▶ Exercise brief
Pull each line holding the word "definition" from the data.

▶ Recorded data
-- Opening Marker --

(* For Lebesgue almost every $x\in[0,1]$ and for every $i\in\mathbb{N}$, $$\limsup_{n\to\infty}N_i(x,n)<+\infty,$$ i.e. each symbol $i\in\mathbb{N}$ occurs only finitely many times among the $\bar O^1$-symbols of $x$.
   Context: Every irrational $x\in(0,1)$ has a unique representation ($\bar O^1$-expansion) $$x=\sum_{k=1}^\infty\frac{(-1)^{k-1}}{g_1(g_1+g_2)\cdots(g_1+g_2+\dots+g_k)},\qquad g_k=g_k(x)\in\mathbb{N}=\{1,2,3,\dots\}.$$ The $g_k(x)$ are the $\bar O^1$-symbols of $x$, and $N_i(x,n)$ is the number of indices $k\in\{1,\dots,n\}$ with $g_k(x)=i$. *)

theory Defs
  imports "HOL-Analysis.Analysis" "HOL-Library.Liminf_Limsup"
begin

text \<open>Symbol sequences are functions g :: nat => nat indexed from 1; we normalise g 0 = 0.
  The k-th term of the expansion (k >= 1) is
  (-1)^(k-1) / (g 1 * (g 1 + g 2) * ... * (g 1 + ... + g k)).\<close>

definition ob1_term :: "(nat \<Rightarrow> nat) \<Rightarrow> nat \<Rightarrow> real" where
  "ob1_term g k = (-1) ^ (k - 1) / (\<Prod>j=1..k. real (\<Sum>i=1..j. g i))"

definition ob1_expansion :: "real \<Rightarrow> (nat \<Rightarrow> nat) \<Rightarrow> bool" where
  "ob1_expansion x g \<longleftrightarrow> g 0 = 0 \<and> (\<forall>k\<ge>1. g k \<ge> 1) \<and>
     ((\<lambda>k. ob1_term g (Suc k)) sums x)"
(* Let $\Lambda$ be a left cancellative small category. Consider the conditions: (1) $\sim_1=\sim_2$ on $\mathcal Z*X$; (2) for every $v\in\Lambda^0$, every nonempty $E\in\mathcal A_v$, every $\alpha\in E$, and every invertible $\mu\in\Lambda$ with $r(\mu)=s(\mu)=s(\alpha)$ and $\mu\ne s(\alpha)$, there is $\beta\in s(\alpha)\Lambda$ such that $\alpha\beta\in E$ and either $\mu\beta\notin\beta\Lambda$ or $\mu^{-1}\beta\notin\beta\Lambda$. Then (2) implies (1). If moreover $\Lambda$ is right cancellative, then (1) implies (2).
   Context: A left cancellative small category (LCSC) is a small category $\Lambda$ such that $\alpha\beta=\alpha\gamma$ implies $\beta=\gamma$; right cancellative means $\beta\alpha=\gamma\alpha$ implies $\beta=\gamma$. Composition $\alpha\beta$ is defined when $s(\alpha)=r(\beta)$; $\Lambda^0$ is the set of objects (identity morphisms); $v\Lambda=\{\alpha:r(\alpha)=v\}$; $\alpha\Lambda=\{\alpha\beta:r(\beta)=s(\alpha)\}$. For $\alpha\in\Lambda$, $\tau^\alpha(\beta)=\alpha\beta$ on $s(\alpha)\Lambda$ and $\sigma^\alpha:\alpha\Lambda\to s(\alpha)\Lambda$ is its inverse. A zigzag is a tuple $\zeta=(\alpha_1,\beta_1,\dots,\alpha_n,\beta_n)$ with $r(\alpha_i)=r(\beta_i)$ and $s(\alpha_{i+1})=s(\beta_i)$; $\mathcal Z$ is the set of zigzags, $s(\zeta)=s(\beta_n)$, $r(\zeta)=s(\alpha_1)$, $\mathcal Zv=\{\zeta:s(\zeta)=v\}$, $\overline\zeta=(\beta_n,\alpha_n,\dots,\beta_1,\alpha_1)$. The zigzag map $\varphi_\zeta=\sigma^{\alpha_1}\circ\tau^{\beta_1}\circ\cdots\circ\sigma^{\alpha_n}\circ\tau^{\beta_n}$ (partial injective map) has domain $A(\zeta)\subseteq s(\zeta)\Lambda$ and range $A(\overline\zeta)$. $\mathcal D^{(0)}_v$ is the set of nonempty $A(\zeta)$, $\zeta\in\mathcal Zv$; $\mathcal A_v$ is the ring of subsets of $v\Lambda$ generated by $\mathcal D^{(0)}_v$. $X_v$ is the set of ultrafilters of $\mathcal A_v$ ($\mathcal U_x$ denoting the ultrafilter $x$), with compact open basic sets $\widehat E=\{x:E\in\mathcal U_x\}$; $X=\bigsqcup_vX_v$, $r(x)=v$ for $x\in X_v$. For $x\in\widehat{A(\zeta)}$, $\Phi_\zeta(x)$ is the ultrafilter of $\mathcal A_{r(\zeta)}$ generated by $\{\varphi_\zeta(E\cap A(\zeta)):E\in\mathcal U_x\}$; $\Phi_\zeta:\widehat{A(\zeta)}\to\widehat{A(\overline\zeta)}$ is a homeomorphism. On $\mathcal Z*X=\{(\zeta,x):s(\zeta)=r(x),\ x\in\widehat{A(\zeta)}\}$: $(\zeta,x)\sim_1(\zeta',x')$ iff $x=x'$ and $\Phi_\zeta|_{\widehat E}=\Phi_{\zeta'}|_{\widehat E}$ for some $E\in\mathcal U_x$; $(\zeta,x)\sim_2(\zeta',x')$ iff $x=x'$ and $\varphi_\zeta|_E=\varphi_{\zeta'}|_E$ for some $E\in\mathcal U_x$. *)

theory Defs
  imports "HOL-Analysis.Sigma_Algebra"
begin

-- Closing Marker --

▶ Response to this exercise
definition ob1_term :: "(nat \<Rightarrow> nat) \<Rightarrow> nat \<Rightarrow> real" where
definition ob1_expansion :: "real \<Rightarrow> (nat \<Rightarrow> nat) \<Rightarrow> bool" where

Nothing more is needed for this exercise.